# PROBLEM STATEMENT
Check each line of the entries below for the word "beta", then state how many lines have it and nothing more.

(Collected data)
>>>>
(* Let $m\ge2$. Then $|U_{\beta,m}|\ge\aleph_0$ for every $\beta\in(\mathcal{G}(m),m+1]$.
   Context: For $\beta\in(1,m+1]$ and $x\in I_{\beta,m}=[0,\frac{m}{\beta-1}]$, $\Sigma_{\beta,m}(x)=\{(\epsilon_i)\in\{0,\ldots,m\}^{\mathbb{N}}:\sum_{i\ge1}\epsilon_i\beta^{-i}=x\}$, and $U_{\beta,m}=\{x\in I_{\beta,m}:|\Sigma_{\beta,m}(x)|=1\}$. $\mathcal{G}(m)=k+1$ if $m=2k$ and $\mathcal{G}(m)=\frac{k+1+\sqrt{k^2+6k+5}}{2}$ if $m=2k+1$. *)

theory Defs
  imports "HOL-Analysis.Analysis"
begin

text \<open>Digit sequences are indexed from 0 here: the sequence e corresponds to
  (epsilon_i)_{i>=1} with epsilon_i = e (i - 1). Hence the value is
  sum_{i>=0} e i * beta^{-(i+1)}.\<close>

definition Ibm :: "real \<Rightarrow> nat \<Rightarrow> real set" where
  "Ibm \<beta> m = {0 .. real m / (\<beta> - 1)}"

definition Sigma_bm :: "real \<Rightarrow> nat \<Rightarrow> real \<Rightarrow> (nat \<Rightarrow> nat) set" where
  "Sigma_bm \<beta> m x = {e. (\<forall>i. e i \<le> m) \<and> (\<lambda>i. real (e i) / \<beta> ^ (Suc i)) sums x}"

definition U_bm :: "real \<Rightarrow> nat \<Rightarrow> real set" where
  "U_bm \<beta> m = {x \<in> Ibm \<beta> m. card (Sigma_bm \<beta> m x) = 1 \<and> finite (Sigma_bm \<beta> m x)}"

definition G :: "nat \<Rightarrow> real" where
  "G m = (if even m then real (m div 2) + 1
          else (let k = real (m div 2) in (k + 1 + sqrt (k^2 + 6*k + 5)) / 2))"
<<<<
# ANSWER TO THE PROBLEM
6